**Your instructions:** Every line that contains "longleftrightarrow" must be located and copied from the data.

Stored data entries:
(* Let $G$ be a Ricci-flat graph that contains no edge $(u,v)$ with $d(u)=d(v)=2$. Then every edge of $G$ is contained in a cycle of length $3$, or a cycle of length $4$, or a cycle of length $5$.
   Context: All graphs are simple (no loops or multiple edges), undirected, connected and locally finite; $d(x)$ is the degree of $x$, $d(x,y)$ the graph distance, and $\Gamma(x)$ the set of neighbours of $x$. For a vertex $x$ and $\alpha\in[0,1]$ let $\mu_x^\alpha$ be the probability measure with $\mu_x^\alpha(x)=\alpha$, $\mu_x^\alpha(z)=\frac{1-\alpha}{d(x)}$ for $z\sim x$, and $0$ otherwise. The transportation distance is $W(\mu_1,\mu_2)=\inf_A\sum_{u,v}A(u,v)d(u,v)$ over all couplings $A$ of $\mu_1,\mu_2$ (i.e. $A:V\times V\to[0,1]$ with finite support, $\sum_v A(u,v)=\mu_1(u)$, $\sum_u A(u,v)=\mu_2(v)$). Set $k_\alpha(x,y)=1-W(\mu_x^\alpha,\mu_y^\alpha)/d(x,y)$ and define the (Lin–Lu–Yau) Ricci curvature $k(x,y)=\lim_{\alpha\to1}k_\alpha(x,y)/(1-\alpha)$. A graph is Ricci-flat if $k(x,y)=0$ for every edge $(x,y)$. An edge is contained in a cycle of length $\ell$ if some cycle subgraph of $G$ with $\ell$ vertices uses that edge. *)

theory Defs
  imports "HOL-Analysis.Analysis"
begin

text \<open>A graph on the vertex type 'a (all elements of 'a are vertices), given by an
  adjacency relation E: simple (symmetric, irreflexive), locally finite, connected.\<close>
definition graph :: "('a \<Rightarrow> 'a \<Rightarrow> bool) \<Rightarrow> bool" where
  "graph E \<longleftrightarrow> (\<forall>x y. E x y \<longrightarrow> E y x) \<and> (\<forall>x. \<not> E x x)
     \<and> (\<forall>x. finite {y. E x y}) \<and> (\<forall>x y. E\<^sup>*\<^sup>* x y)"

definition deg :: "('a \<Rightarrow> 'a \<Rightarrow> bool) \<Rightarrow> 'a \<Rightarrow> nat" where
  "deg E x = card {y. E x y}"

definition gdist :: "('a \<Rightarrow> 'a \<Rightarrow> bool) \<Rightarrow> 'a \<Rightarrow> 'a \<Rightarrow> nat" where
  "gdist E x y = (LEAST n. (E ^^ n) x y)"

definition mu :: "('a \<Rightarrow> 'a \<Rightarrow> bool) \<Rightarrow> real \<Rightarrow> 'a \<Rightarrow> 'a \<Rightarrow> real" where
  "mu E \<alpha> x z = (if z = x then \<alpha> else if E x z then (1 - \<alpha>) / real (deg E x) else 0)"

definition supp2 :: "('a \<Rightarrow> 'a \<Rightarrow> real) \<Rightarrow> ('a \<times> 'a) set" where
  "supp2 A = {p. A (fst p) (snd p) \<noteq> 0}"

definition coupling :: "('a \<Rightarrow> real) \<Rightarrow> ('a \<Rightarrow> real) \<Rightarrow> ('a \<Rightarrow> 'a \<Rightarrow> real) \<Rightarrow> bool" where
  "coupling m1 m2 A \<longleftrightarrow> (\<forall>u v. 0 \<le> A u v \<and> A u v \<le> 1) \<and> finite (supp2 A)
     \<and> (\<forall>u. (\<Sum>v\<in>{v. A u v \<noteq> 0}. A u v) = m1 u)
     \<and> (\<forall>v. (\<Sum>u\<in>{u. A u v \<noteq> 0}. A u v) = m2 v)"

---

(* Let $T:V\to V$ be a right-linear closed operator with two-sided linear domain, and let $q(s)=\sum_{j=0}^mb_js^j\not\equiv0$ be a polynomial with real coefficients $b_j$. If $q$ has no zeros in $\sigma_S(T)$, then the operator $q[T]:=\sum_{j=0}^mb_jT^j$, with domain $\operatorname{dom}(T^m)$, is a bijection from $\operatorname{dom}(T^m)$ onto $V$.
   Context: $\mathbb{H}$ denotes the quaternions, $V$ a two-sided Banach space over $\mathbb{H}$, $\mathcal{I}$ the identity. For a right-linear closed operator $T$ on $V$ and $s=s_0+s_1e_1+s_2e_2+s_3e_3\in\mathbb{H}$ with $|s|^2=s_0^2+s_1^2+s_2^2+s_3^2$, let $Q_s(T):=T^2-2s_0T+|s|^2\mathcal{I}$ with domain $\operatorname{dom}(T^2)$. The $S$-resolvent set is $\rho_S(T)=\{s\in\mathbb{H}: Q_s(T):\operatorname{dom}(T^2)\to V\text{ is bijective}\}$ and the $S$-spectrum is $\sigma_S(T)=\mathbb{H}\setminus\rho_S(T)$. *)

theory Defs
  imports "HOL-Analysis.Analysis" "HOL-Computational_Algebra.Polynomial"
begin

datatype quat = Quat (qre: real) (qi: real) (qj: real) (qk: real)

**Solution for this exercise:**
  "graph E \<longleftrightarrow> (\<forall>x y. E x y \<longrightarrow> E y x) \<and> (\<forall>x. \<not> E x x)
  "coupling m1 m2 A \<longleftrightarrow> (\<forall>u v. 0 \<le> A u v \<and> A u v \<le> 1) \<and> finite (supp2 A)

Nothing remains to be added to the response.